David Mertz, Ph.D.
Flutist, Gnosis Software, Inc.
June 2000
This article examines Txt2Html, a public-domain working project created by the author to illustrate Python programming techniques.Txt2Html
is a "web-based filtering proxy"--a program that reads web-based documents for the user, then presents a modified page to the user's browser. In order to accomplish these tasks,Txt2Html
runs as a CGI program, queries outside web resources, and makes use of regular-expressions; each of these general-purpose sub-tasks is explained, clarified, and demonstrated in this article.

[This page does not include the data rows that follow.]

(* Apply the left inverse B of I - t0 M to S - t0 M S = 1 - (t0 - t) M S, where S = neumann_sum t. *)
lemma neumann_sum_total_bound:
  fixes K \<rho> :: real
  assumes inv: "\<forall>e\<in>E. \<forall>g\<in>E.
      (\<Sum>f\<in>E. B e f * ((if f = g then 1 else 0) - t0 * M f g)) = (if e = g then 1 else 0)"
    and B_row: "\<And>e. e \<in> E \<Longrightarrow> (\<Sum>f\<in>E. \<bar>B e f\<bar>) \<le> K"
    and M_row: "\<And>f. f \<in> E \<Longrightarrow> (\<Sum>g\<in>E. M f g) \<le> \<rho>"
    and t: "t \<in> neumann_set" "t \<le> t0"
  shows "(\<Sum>e\<in>E. neumann_sum t e) \<le> card E * K * (1 + (t0 - t) * \<rho> * (\<Sum>e\<in>E. neumann_sum t e))"
proof -
  define S where "S = neumann_sum t"
  define \<sigma> where "\<sigma> = (\<Sum>e\<in>E. S e)"
  have S_nonneg: "0 \<le> S e" if "e \<in> E" for e
    unfolding S_def using t(1) that by (rule neumann_sum_nonneg)
  have \<sigma>_nonneg: "0 \<le> \<sigma>"
    unfolding \<sigma>_def by (intro sum_nonneg S_nonneg)
  have residual: "\<bar>S f - t0 * mat_vec E M S f\<bar> \<le> 1 + (t0 - t) * \<rho> * \<sigma>" if f: "f \<in> E" for f
  proof -
    have "mat_vec E M S f \<le> (\<Sum>g\<in>E. M f g * \<sigma>)"
      unfolding mat_vec_def \<sigma>_def using finite_index S_nonneg
      by (intro sum_mono mult_left_mono member_le_sum nonneg_entries) auto
    also have "\<dots> \<le> \<rho> * \<sigma>"
      using M_row[OF f] \<sigma>_nonneg by (simp add: sum_distrib_right[symmetric] mult_right_mono)
    finally have "(t0 - t) * mat_vec E M S f \<le> (t0 - t) * \<rho> * \<sigma>"
      using t(2) by (metis diff_ge_0_iff_ge mult.assoc mult_left_mono)
    moreover have "0 \<le> (t0 - t) * mat_vec E M S f"
      using t(2) S_nonneg by (simp add: mat_vec_nonneg)
    moreover have "S f - t0 * mat_vec E M S f = 1 - (t0 - t) * mat_vec E M S f"
      using neumann_sum_fixpoint[OF t(1) f] by (simp add: S_def algebra_simps)
    ultimately show ?thesis
      by linarith
  qed
  have S_le: "S e \<le> K * (1 + (t0 - t) * \<rho> * \<sigma>)" if e: "e \<in> E" for e
  proof -
    have "S e = (\<Sum>f\<in>E. B e f * (S f - t0 * mat_vec E M S f))"
      using left_inverse_mat_vec[OF finite_index e inv, of S]
      by (simp add: mat_vec_id_minus[OF finite_index] cong: sum.cong)
    also have "\<dots> \<le> (\<Sum>f\<in>E. \<bar>B e f\<bar> * (1 + (t0 - t) * \<rho> * \<sigma>))"
    proof (rule sum_mono)
      fix f assume "f \<in> E"
      have "B e f * (S f - t0 * mat_vec E M S f) \<le> \<bar>B e f\<bar> * \<bar>S f - t0 * mat_vec E M S f\<bar>"
        by (metis abs_ge_self abs_mult)
      also have "\<dots> \<le> \<bar>B e f\<bar> * (1 + (t0 - t) * \<rho> * \<sigma>)"
        using residual[OF \<open>f \<in> E\<close>] by (simp add: mult_left_mono)
      finally show "B e f * (S f - t0 * mat_vec E M S f) \<le> \<bar>B e f\<bar> * (1 + (t0 - t) * \<rho> * \<sigma>)" .
    qed
    also have "\<dots> \<le> K * (1 + (t0 - t) * \<rho> * \<sigma>)"
      using B_row[OF e] residual[OF e] abs_ge_zero[of "S e - t0 * mat_vec E M S e"]
      by (simp add: sum_distrib_right[symmetric] mult_right_mono)
    finally show ?thesis .
  qed
  have "(\<Sum>e\<in>E. S e) \<le> (\<Sum>e\<in>E. K * (1 + (t0 - t) * \<rho> * \<sigma>))"
    by (intro sum_mono S_le)
  then show ?thesis
    by (simp add: \<sigma>_def S_def)
qed

lemma neumann_sum_eventually_bounded:
  assumes "0 < t0" and below: "\<And>t. 0 < t \<Longrightarrow> t < t0 \<Longrightarrow> t \<in> neumann_set"
    and no_eigvec: "\<And>v. \<forall>e\<in>E. t0 * mat_vec E M v e = v e \<Longrightarrow> \<forall>e\<in>E. v e = 0"
  shows "\<exists>R. \<forall>\<^sub>F t in at_left t0. t \<in> neumann_set \<and> (\<forall>e\<in>E. neumann_sum t e \<le> R)"
proof -
  have "\<forall>e\<in>E. v e = 0"
    if "\<forall>e\<in>E. mat_vec E (\<lambda>f g. (if f = g then 1 else 0) - t0 * M f g) v e = 0" for v
    using that no_eigvec[of v] by (simp add: mat_vec_id_minus[OF finite_index])
  then obtain B where inv: "\<forall>e\<in>E. \<forall>g\<in>E.
      (\<Sum>f\<in>E. B e f * ((if f = g then 1 else 0) - t0 * M f g)) = (if e = g then 1 else 0)"
    using finite_matrix_left_inverse[OF finite_index] by blast
  define K where "K = (\<Sum>e\<in>E. \<Sum>f\<in>E. \<bar>B e f\<bar>)"
  define \<rho> where "\<rho> = (\<Sum>f\<in>E. \<Sum>g\<in>E. M f g)"
  define n where "n = real (card E)"
  have B_row: "(\<Sum>f\<in>E. \<bar>B e f\<bar>) \<le> K" if "e \<in> E" for e
    unfolding K_def using finite_index that by (intro member_le_sum sum_nonneg) auto
  have M_row: "(\<Sum>g\<in>E. M f g) \<le> \<rho>" if "f \<in> E" for f
    unfolding \<rho>_def using finite_index that by (intro member_le_sum sum_nonneg nonneg_entries)
  have "((\<lambda>t. n * K * \<rho> * (t0 - t)) \<longlongrightarrow> 0) (at_left t0)"
    by (intro tendsto_eq_intros) auto
  then have "\<forall>\<^sub>F t in at_left t0. n * K * \<rho> * (t0 - t) < 1 / 2"
    by (rule order_tendstoD) simp
  moreover have "\<forall>\<^sub>F t in at_left t0. 0 < t \<and> t < t0"
    using eventually_at_left_real[OF \<open>0 < t0\<close>] by simp
  ultimately have "\<forall>\<^sub>F t in at_left t0. t \<in> neumann_set \<and> (\<forall>e\<in>E. neumann_sum t e \<le> 2 * n * K)"
  proof eventually_elim
    case (elim t)
    then have t_mem: "t \<in> neumann_set"
      using below by blast
    define \<sigma> where "\<sigma> = (\<Sum>e\<in>E. neumann_sum t e)"
    have "\<sigma> \<le> n * K * (1 + (t0 - t) * \<rho> * \<sigma>)"
      unfolding \<sigma>_def n_def using neumann_sum_total_bound[OF inv B_row M_row t_mem] elim by simp
    moreover have "0 \<le> \<sigma>"
      unfolding \<sigma>_def using t_mem by (intro sum_nonneg neumann_sum_nonneg)
    ultimately have "\<sigma> \<le> 2 * n * K"
      using elim mult_right_mono[of "n * K * \<rho> * (t0 - t)" "1 / 2" \<sigma>] by (simp add: algebra_simps)
    moreover have "neumann_sum t e \<le> \<sigma>" if "e \<in> E" for e
      unfolding \<sigma>_def using finite_index t_mem that by (intro member_le_sum neumann_sum_nonneg) auto
    ultimately show ?case
      using t_mem by fastforce
  qed
  then show ?thesis
    by blast
qed

lemma neumann_set_closed_from_below:
  assumes "0 < t0" and "\<And>t. 0 < t \<Longrightarrow> t < t0 \<Longrightarrow> t \<in> neumann_set"
    and "\<And>v. \<forall>e\<in>E. t0 * mat_vec E M v e = v e \<Longrightarrow> \<forall>e\<in>E. v e = 0"
  shows "t0 \<in> neumann_set"
proof -
  obtain R where R: "\<forall>\<^sub>F t in at_left t0. t \<in> neumann_set \<and> (\<forall>e\<in>E. neumann_sum t e \<le> R)"
    using neumann_sum_eventually_bounded[OF assms] by blast
  have "(\<Sum>k<N. t0 ^ k * pow_ones k e) \<le> R" if "e \<in> E" for N e
  proof (rule tendsto_upperbound[OF _ _ trivial_limit_at_left_real])
    show "((\<lambda>t. \<Sum>k<N. t ^ k * pow_ones k e) \<longlongrightarrow> (\<Sum>k<N. t0 ^ k * pow_ones k e)) (at_left t0)"
      by (intro tendsto_intros)
    show "\<forall>\<^sub>F t in at_left t0. (\<Sum>k<N. t ^ k * pow_ones k e) \<le> R"
      using R
    proof eventually_elim
      case (elim t)
      then have "(\<Sum>k<N. t ^ k * pow_ones k e) \<le> neumann_sum t e"
        unfolding neumann_sum_def using \<open>e \<in> E\<close>
        by (intro sum_le_suminf summable_neumann)
          (auto intro!: mult_nonneg_nonneg pow_ones_nonneg simp: neumann_set_def)
      then show ?case
        using elim \<open>e \<in> E\<close> by fastforce
    qed
  qed
  then show ?thesis
    unfolding neumann_set_def using \<open>0 < t0\<close>
    by (auto intro!: summableI_nonneg_bounded mult_nonneg_nonneg pow_ones_nonneg)
qed

lemma neumann_set_contains:
  assumes "0 < b"
    and no_eigvec: "\<And>t v. 0 < t \<Longrightarrow> t \<le> b \<Longrightarrow> \<forall>e\<in>E. t * mat_vec E M v e = v e \<Longrightarrow> \<forall>e\<in>E. v e = 0"
  shows "b \<in> neumann_set"
proof (rule ccontr)
  assume b_notin: "b \<notin> neumann_set"
  have "0 \<in> neumann_set"
    by (rule neumann_setI[where v = "\<lambda>_. 1" and q = 0]) auto
  then obtain t1 where "0 < t1" "t1 \<in> neumann_set"
    using neumann_set_extends by blast
  have le_b: "t \<le> b" if "t \<in> neumann_set" for t
  proof (rule ccontr)
    assume "\<not> t \<le> b"
    then have "b \<in> neumann_set"
      using neumann_set_downward[OF that, of b] \<open>0 < b\<close> by simp
    with b_notin show False
      by simp
  qed
  then have bdd: "bdd_above neumann_set"
    by (rule bdd_aboveI)
  define t0 where "t0 = Sup neumann_set"
  have t0_pos: "0 < t0"
    using cSup_upper[OF \<open>t1 \<in> neumann_set\<close> bdd] \<open>0 < t1\<close> by (simp add: t0_def)
  have t0_le_b: "t0 \<le> b"
    unfolding t0_def using \<open>t1 \<in> neumann_set\<close> le_b by (intro cSup_least) auto
  have below: "t \<in> neumann_set" if "0 < t" "t < t0" for t
  proof -
    obtain s where "s \<in> neumann_set" "t < s"
      using less_cSup_iff[OF _ bdd, of t] \<open>t1 \<in> neumann_set\<close> \<open>t < t0\<close> unfolding t0_def by blast
    then show ?thesis
      using neumann_set_downward[of s t] \<open>0 < t\<close> by simp
  qed
  have "t0 \<in> neumann_set"
    using t0_pos below no_eigvec[OF t0_pos t0_le_b] by (rule neumann_set_closed_from_below)
  then obtain t' where "t0 < t'" "t' \<in> neumann_set"
    using neumann_set_extends by blast
  moreover have "t' \<le> t0"
    unfolding t0_def using \<open>t' \<in> neumann_set\<close> bdd by (rule cSup_upper)
  ultimately show False
    by simp
qed

end

context
  fixes c :: "nat \<Rightarrow> real" and b :: real and f :: "real \<Rightarrow> real"
  assumes coeff_nonneg: "\<And>n. 0 \<le> c n" and summable_at: "summable (\<lambda>n. c n * b ^ n)"
    and f_eq: "\<And>x. \<bar>x\<bar> < b \<Longrightarrow> f x = exp (\<Sum>n. c n * x ^ n)"
begin

lemma exp_powser_DERIV:
  assumes "\<bar>x\<bar> < b"
  shows "(f has_real_derivative f x * (\<Sum>n. diffs c n * x ^ n)) (at x)"
proof (rule has_field_derivative_transform_within_open[where S = "{-b<..<b}"])
  show "((\<lambda>x. exp (\<Sum>n. c n * x ^ n)) has_real_derivative f x * (\<Sum>n. diffs c n * x ^ n)) (at x)"
    using assms f_eq[OF assms]
    by (auto intro!: DERIV_chain2[OF DERIV_exp] termdiffs_strong[OF summable_at])
qed (use assms f_eq in auto)

lemma exp_powser_isCont: "\<bar>x\<bar> < b \<Longrightarrow> isCont f x"
  using exp_powser_DERIV by (rule DERIV_isCont)

lemma exp_powser_mono:
  assumes "0 \<le> x" "x \<le> y" "y < b"
  shows "f x \<le> f y"
proof -
  have "(\<Sum>n. c n * x ^ n) \<le> (\<Sum>n. c n * y ^ n)"
    using assms
    by (intro suminf_le powser_inside[OF summable_at]) (auto intro!: mult_left_mono power_mono coeff_nonneg)
  then show ?thesis
    using assms f_eq by simp
qed

lemma exp_powser_deriv_nonneg:
  assumes "0 \<le> x" "x < b"
  shows "0 \<le> deriv f x"
proof -
  have "0 \<le> (\<Sum>n. diffs c n * x ^ n)"
    using assms
    by (intro suminf_nonneg termdiff_converges[where K = b] powser_inside[OF summable_at])
      (auto simp: diffs_def coeff_nonneg)
  moreover have "0 < f x"
    using assms f_eq by simp
  ultimately show ?thesis
    using DERIV_imp_deriv[OF exp_powser_DERIV] assms by simp
qed

end

lemma exists_interior_maximum:
  fixes s :: "real \<Rightarrow> real"
  assumes "continuous_on {0..1} s" and "s 0 = 0" "s 1 = 0" and "p \<in> {0..1}" "0 < s p"
  shows "\<exists>c\<in>{0<..<1}. \<forall>p\<in>{0..1}. s p \<le> s c"
proof -
  obtain c where c: "c \<in> {0..1}" "\<forall>p\<in>{0..1}. s p \<le> s c"
    using continuous_attains_sup[OF compact_Icc _ assms(1)] by auto
  then have "c \<noteq> 0" "c \<noteq> 1"
    using assms(2-5) by fastforce+
  with c show ?thesis
    by auto
qed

Python is a freely available, very-high-level, interpreted language developed by Guido van Rossum. It combines a clear syntax with powerful (but optional) object-oriented semantics. Python is available for almost every computer platform you might find yourself working on, and is highly portable between platforms.
In the course of writing articles in this series, the author faced a quandry about the best format to write in. Wordprocessor formats are proprietary, and conversions between formats tend to be imperfect and troublesome (and they bind one to proprietary tools; contrary to an open-source spirit). HTML is fairly neutral--and is probably the form you are reading this article in--but it also adds tags that are easy to mistype (or commits one to an HTML-enhanced editor). DocBook is an interesting XML format that can be converted to many target formats, and has the right semantics for technical articles (or books); but like HTML, there are lots of tags to worry about during the writing process. LaTeX is great for sophisticated typography; but lots of tags again, and these articles don't need typographic sophistication.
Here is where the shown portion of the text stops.